Ácido Clorídrico - Produção

Como é produzido o cloreto de hidrogênio e sua solução.

Neste artigo detalharemos os processos de produção de cloreto de hidrogênio e de ácido clorídrico.


Artigo principal: Ácido Clorídrico

                                            Do sal marinho aos mais complexos compostos
                                     

10.Produção


O ácido clorídrico é preparado dissolvendo-se cloreto de hidrogênio em água. O cloreto de hidrogênio, por sua vez, pode ser gerado de muitas maneiras, e assim diversos precursores do ácido clorídrico existem. A produção em larga escala de ácido clorídrico é quase sempre integrada com a produção de outros compostos químicos em escala industrial.[13]

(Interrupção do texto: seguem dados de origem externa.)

(* Let $D=\{(x^i,y^i)\}_{i=1}^n$ be a training set and $JJ=\{JJ_{x^i}\}_{i=1}^n$ a collection of substructure sets such that $D$ is linearly separable with respect to $JJ$ with margin $\delta^{JJ}>0$, and let $R^{JJ}$ be the mixed assignment radius of $D$ with respect to $JJ$. Run the SWVP algorithm on $D$ with these substructure sets, and suppose that at every update the weights $\gamma$ returned by $\textsc{SetGamma}$ satisfy the $\gamma$ selection conditions (1) and (2) with respect to the current weight vector. Then the total number $t$ of updates made by SWVP satisfies $$t\le \frac{(R^{JJ})^2}{(\delta^{JJ})^2}.$$ In particular, SWVP terminates (converges to a parameter vector making no further updates on $D$).
   Context: Structured prediction setting: for each input $x$ the output space is $\mathcal{Y}(x)=D_Y^{L_x}$ (vectors of length $L_x$ over a finite domain $D_Y$), and a feature map $\phi(x,y')\in\mathbb{R}^d$ is given for $y'\in\mathcal{Y}(x)$. Write $\Delta\phi(x,y,z)=\phi(x,y)-\phi(x,z)$ and $[n]=\{1,\dots,n\}$. The training set is $D=\{(x^i,y^i)\}_{i=1}^n$ with $y^i\in\mathcal{Y}(x^i)$. Mixed assignment: for $y^*,y\in\mathcal{Y}(x)$ and $J\subseteq[L_x]$, $m^J(y^*,y)\in\mathcal{Y}(x)$ has $k$-th coordinate $y^*_k$ if $k\in J$ and $y_k$ otherwise. For each training example a substructure set $JJ_{x^i}\subseteq 2^{[L_{x^i}]}$ is fixed. SWVP algorithm: initialize $\mathbf{w}=0$; repeatedly cycle through the examples $(x,y)\in D$; for each, compute $y^*=\arg\max_{y'\in\mathcal{Y}(x)}\mathbf{w}\cdot\phi(x,y')$. If $y^*\ne y$, write $m^J=m^J(y^*,y)$, let $I=\{J\in JJ_x: m^J\neq y\}$, $I^v=\{J\in I:\mathbf{w}\cdot\Delta\phi(x,y,m^J)\le 0\}$, $I^{nv}=\{J\in I:\mathbf{w}\cdot\Delta\phi(x,y,m^J)>0\}$ (so $I=I^v\cup I^{nv}$), obtain weights $\gamma(m^J)$, $J\in I$, from a procedure $\textsc{SetGamma}$, and perform the update $\mathbf{w}\leftarrow\mathbf{w}+\sum_{J\in I}\gamma(m^J)\Delta\phi(x,y,m^J)$. Stop when a full pass makes no update. $\gamma$ selection conditions (for the current $\mathbf{w}$, before the update): (1) $\gamma(m^J)\ge0$ for all $J\in I$ and $\sum_{J\in I}\gamma(m^J)=1$; (2) $\mathbf{w}\cdot\sum_{J\in I}\gamma(m^J)\Delta\phi(x,y,m^J)\le 0$. $D$ is linearly separable with respect to $JJ$ with margin $\delta^{JJ}>0$ if there is $\mathbf{u}\in\mathbb{R}^d$ with $\|\mathbf{u}\|_2=1$ such that $\mathbf{u}\cdot\Delta\phi(x^i,y^i,m^J(z,y^i))\ge\delta^{JJ}$ for all $i$, all $z\in\mathcal{Y}(x^i)$ and all $J\in JJ_{x^i}$ with $m^J(z,y^i)\ne y^i$. The mixed assignment radius with respect to $JJ$ is a constant $R^{JJ}$ such that $\|\Delta\phi(x^i,y^i,m^J(z,y^i))\|\le R^{JJ}$ for all $i$, $z\in\mathcal{Y}(x^i)$, $J\in JJ_{x^i}$. *)

theory Defs
  imports "HOL-Analysis.Analysis"
begin

text \<open>Output space Y(x) = D_Y^{L_x}: lists of length L x over the finite domain DY.
  Positions are indexed 0-based: [L_x] is rendered as {0..<L_x}.\<close>
definition outputs :: "'a set \<Rightarrow> nat \<Rightarrow> 'a list set" where
  "outputs DY l = {ys. length ys = l \<and> set ys \<subseteq> DY}"

definition mixed :: "nat set \<Rightarrow> 'a list \<Rightarrow> 'a list \<Rightarrow> 'a list" where
  "mixed J ystar y = map (\<lambda>k. if k \<in> J then ystar ! k else y ! k) [0..<length y]"

definition dphi :: "('x \<Rightarrow> 'a list \<Rightarrow> 'v::real_vector) \<Rightarrow> 'x \<Rightarrow> 'a list \<Rightarrow> 'a list \<Rightarrow> 'v" where
  "dphi phi x y z = phi x y - phi x z"

definition is_argmax ::
  "('x \<Rightarrow> 'a list \<Rightarrow> 'v::real_inner) \<Rightarrow> 'a set \<Rightarrow> ('x \<Rightarrow> nat) \<Rightarrow> 'v \<Rightarrow> 'x \<Rightarrow> 'a list \<Rightarrow> bool" where
  "is_argmax phi DY L w x ys \<longleftrightarrow>
     ys \<in> outputs DY (L x) \<and> (\<forall>y' \<in> outputs DY (L x). w \<bullet> phi x y' \<le> w \<bullet> phi x ys)"

definition upd_set :: "nat set set \<Rightarrow> 'a list \<Rightarrow> 'a list \<Rightarrow> nat set set" where
  "upd_set JJx ystar y = {J \<in> JJx. mixed J ystar y \<noteq> y}"

definition gamma_conditions ::
  "('x \<Rightarrow> 'a list \<Rightarrow> 'v::real_inner) \<Rightarrow> 'x \<Rightarrow> 'a list \<Rightarrow> 'a list \<Rightarrow> nat set set \<Rightarrow> 'v
    \<Rightarrow> ('a list \<Rightarrow> real) \<Rightarrow> bool" where
  "gamma_conditions phi x y ystar JJx w gam \<longleftrightarrow>
     (\<forall>J \<in> upd_set JJx ystar y. gam (mixed J ystar y) \<ge> 0) \<and>
     (\<Sum>J \<in> upd_set JJx ystar y. gam (mixed J ystar y)) = 1 \<and>
     w \<bullet> (\<Sum>J \<in> upd_set JJx ystar y. gam (mixed J ystar y) *\<^sub>R dphi phi x y (mixed J ystar y)) \<le> 0"

text \<open>Linear separability of D w.r.t. JJ with margin delta.  Example i is D ! i, JJ i = JJ_{x^i}.\<close>
definition separable_margin ::
  "('x \<Rightarrow> 'a list \<Rightarrow> 'v::real_inner) \<Rightarrow> 'a set \<Rightarrow> ('x \<Rightarrow> nat) \<Rightarrow> ('x \<times> 'a list) list
    \<Rightarrow> (nat \<Rightarrow> nat set set) \<Rightarrow> real \<Rightarrow> bool" where
  "separable_margin phi DY L D JJ \<delta> \<longleftrightarrow>
     (\<exists>u. norm u = 1 \<and>
        (\<forall>i < length D. \<forall>z \<in> outputs DY (L (fst (D ! i))). \<forall>J \<in> JJ i.
           mixed J z (snd (D ! i)) \<noteq> snd (D ! i) \<longrightarrow>
           u \<bullet> dphi phi (fst (D ! i)) (snd (D ! i)) (mixed J z (snd (D ! i))) \<ge> \<delta>))"

definition mixed_radius ::
  "('x \<Rightarrow> 'a list \<Rightarrow> 'v::real_inner) \<Rightarrow> 'a set \<Rightarrow> ('x \<Rightarrow> nat) \<Rightarrow> ('x \<times> 'a list) list
    \<Rightarrow> (nat \<Rightarrow> nat set set) \<Rightarrow> real \<Rightarrow> bool" where
  "mixed_radius phi DY L D JJ R \<longleftrightarrow>
     (\<forall>i < length D. \<forall>z \<in> outputs DY (L (fst (D ! i))). \<forall>J \<in> JJ i.
        norm (dphi phi (fst (D ! i)) (snd (D ! i)) (mixed J z (snd (D ! i)))) \<le> R)"

text \<open>One visit of SWVP: the k-th visit (0-based) processes example k mod n (cyclic order).
  w is the weight vector before the visit, ys the computed argmax y*, gam the weights
  returned by SetGamma (only relevant if an update happens), w' the weight vector after.\<close>
definition swvp_visit ::
  "('x \<Rightarrow> 'a list \<Rightarrow> 'v::real_inner) \<Rightarrow> 'a set \<Rightarrow> ('x \<Rightarrow> nat) \<Rightarrow> ('x \<times> 'a list) list
    \<Rightarrow> (nat \<Rightarrow> nat set set) \<Rightarrow> 'v \<Rightarrow> nat \<Rightarrow> 'a list \<Rightarrow> ('a list \<Rightarrow> real) \<Rightarrow> 'v \<Rightarrow> bool" where
  "swvp_visit phi DY L D JJ w k ys gam w' \<longleftrightarrow>
     (let i = k mod length D; x = fst (D ! i); y = snd (D ! i) in
       is_argmax phi DY L w x ys \<and>
       (if ys = y then w' = w
        else gamma_conditions phi x y ys (JJ i) w gam \<and>
             w' = w + (\<Sum>J \<in> upd_set (JJ i) ys y. gam (mixed J ys y) *\<^sub>R dphi phi x y (mixed J ys y))))"

definition is_update :: "('x \<times> 'a list) list \<Rightarrow> (nat \<Rightarrow> 'a list) \<Rightarrow> nat \<Rightarrow> bool" where
  "is_update D ys k \<longleftrightarrow> ys k \<noteq> snd (D ! (k mod length D))"

definition stopped :: "('x \<times> 'a list) list \<Rightarrow> (nat \<Rightarrow> 'a list) \<Rightarrow> nat \<Rightarrow> bool" where
  "stopped D ys k \<longleftrightarrow>
     (\<exists>p. Suc p * length D \<le> k \<and>
          (\<forall>j \<in> {p * length D ..< Suc p * length D}. \<not> is_update D ys j))"

text \<open>ws, ys, gam describe an execution of SWVP performing (at least) K visits:
  ws k is the weight vector before visit k, ys k the argmax, gam k the SetGamma output.\<close>
definition swvp_run ::
  "('x \<Rightarrow> 'a list \<Rightarrow> 'v::real_inner) \<Rightarrow> 'a set \<Rightarrow> ('x \<Rightarrow> nat) \<Rightarrow> ('x \<times> 'a list) list
    \<Rightarrow> (nat \<Rightarrow> nat set set) \<Rightarrow> (nat \<Rightarrow> 'v) \<Rightarrow> (nat \<Rightarrow> 'a list) \<Rightarrow> (nat \<Rightarrow> 'a list \<Rightarrow> real)
    \<Rightarrow> nat \<Rightarrow> bool" where
  "swvp_run phi DY L D JJ ws ys gam K \<longleftrightarrow>
     ws 0 = 0 \<and>
     (\<forall>k < K. \<not> stopped D ys k \<and>
        swvp_visit phi DY L D JJ (ws k) k (ys k) (gam k) (ws (Suc k)))"

definition num_updates :: "('x \<times> 'a list) list \<Rightarrow> (nat \<Rightarrow> 'a list) \<Rightarrow> nat \<Rightarrow> nat" where
  "num_updates D ys K = card {k. k < K \<and> is_update D ys k}"

end

theory Submission
  imports Defs
begin

text \<open>This is the classical perceptron convergence argument. An update adds a convex combination
  of the vectors \<open>\<Delta>\<phi>(x, y, m\<^sup>J)\<close>. Against the separating unit vector \<open>u\<close> each of them
  gains at least \<open>\<delta>\<close>, so \<open>u \<bullet> w\<close> grows by at least \<open>\<delta>\<close> per update; each has norm at most \<open>R\<close>,
  and by selection condition (2) the combination does not point along \<open>w\<close>, so \<open>\<parallel>w\<parallel>\<^sup>2\<close> grows by at
  most \<open>R\<^sup>2\<close>. After \<open>t\<close> updates Cauchy-Schwarz gives \<open>(\<delta> t)\<^sup>2 \<le> \<parallel>w\<parallel>\<^sup>2 \<le> R\<^sup>2 t\<close>. Termination
  follows because every pass that does not stop the algorithm makes an update.\<close>

lemma inner_convex_combination_ge:
  fixes d :: "'j \<Rightarrow> 'v::real_inner"
  assumes "\<forall>j\<in>I. 0 \<le> c j" and "sum c I = 1" and "\<forall>j\<in>I. \<delta> \<le> u \<bullet> d j"
  shows "\<delta> \<le> u \<bullet> (\<Sum>j\<in>I. c j *\<^sub>R d j)"
proof -
  have "\<delta> = (\<Sum>j\<in>I. c j * \<delta>)"
    using assms(2) by (simp add: sum_distrib_right[symmetric])
  also have "\<dots> \<le> (\<Sum>j\<in>I. c j * (u \<bullet> d j))"
    by (rule sum_mono) (use assms(1,3) in \<open>auto intro: mult_left_mono\<close>)
  also have "\<dots> = u \<bullet> (\<Sum>j\<in>I. c j *\<^sub>R d j)"
    by (simp add: inner_sum_right)
  finally show ?thesis .
qed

Planta industrial de ácido clorídrico (www.sitara.com.pk).
 

10.1.Os processos principais

 
Mais detalhadamente, são quatro as fontes principais do HCl:
 
  • como subproduto da cloração de aromáticos e alifáticos
  • a partir da reação do cloreto de sódio (NaCl) e do ácido sulfúrico (H2SO4)
  • pela combustão do hidrogênio no cloro (o hidrogênio comporta-se aqui como combustível e o cloro como comburente)
  • pela reação do tipo Hargreaves:
 
    4 NaCl + 2 SO2 + O2 + 2 H2O → 2 Na2SO4 + 4 HCl
 
Esta reação foi usada amplamente na Europa desde 1870 para produzir o sal de Glauber, ou sulfato de sódio. Esta reação tem implicações em questões ambientais.[27]
 
Como se vê no quadro abaixo, as operações nas quais o ácido aparece como subproduto correspondem a 90 % da produção de ácido clorídrico e cloreto de hidrogênio.
 
Produção de ácido clorídrico (mil toneladas de HCl a 100%)[34]

 Processo         

 1950

 1960

 1965

 1970

 1974

 Sal e ácido sulfúrico

 165

 91

 138

 125

 100

 Cloro e hidrogênio

 111

 148

 99

 95

 104

 Subproduto e outros

 342

 731

 1133

 1793

 2200

 Total

 618

 970

 1370

 2013

 2404

 
 
O método mais antigo do sal com o ácido sulfúrico e o mais moderno através da combustão são responsáveis, cada um, pela metade do HCl produzido restante.
 
O processo Mannheim (sal com ácido sulfúrico) é integrado com processos consumidores de HCl tais como o fosfato de dicálcio como na Bélgica.[1]
 
O processo Hargreaves é usado apenas por uma companhia, possuindo provavelmente a maior fábrica com, produção de 60 mil toneladas anuais.[16]
 
Processos de purificação do ácido clorídrico tem sido desenvolvidos, como o mostrado no fluxograma a seguir:



Neste processo são removidos gases como o SO2 e o NO2, materiais não voláteis tais como os metais pesados e halogenetos de metais alcalinos, como o NaBr.[35]
 

10.1.1.Processo Mannheim - detalhes 

 
O ácido sulfúrico e o cloreto de sódio são aquecidos num forno, para formar o cloreto de hidrogênio e o sulfato de sódio. O HCl quente, contaminado por gotículas de H2SO4 e partículas de sulfato, é resfriado ao passar por resfriadores arrefecidos externamente com água. O gás resfriado sobe por uma torre de coque, para eliminação das partículas em suspensão (nem sempre esta etapa é utilizada). O HCl purificado que eflui do topo da torre de coque é absorvido em água num absorvedor de tântalo ou de Karbate. O ácido clorídrico acabado é retirado pelo fundo do absorvedor; qualquer traço de gás não dissolvido que saia pelo topo do absorvedor é lavado com água numa torre de absorção recheada.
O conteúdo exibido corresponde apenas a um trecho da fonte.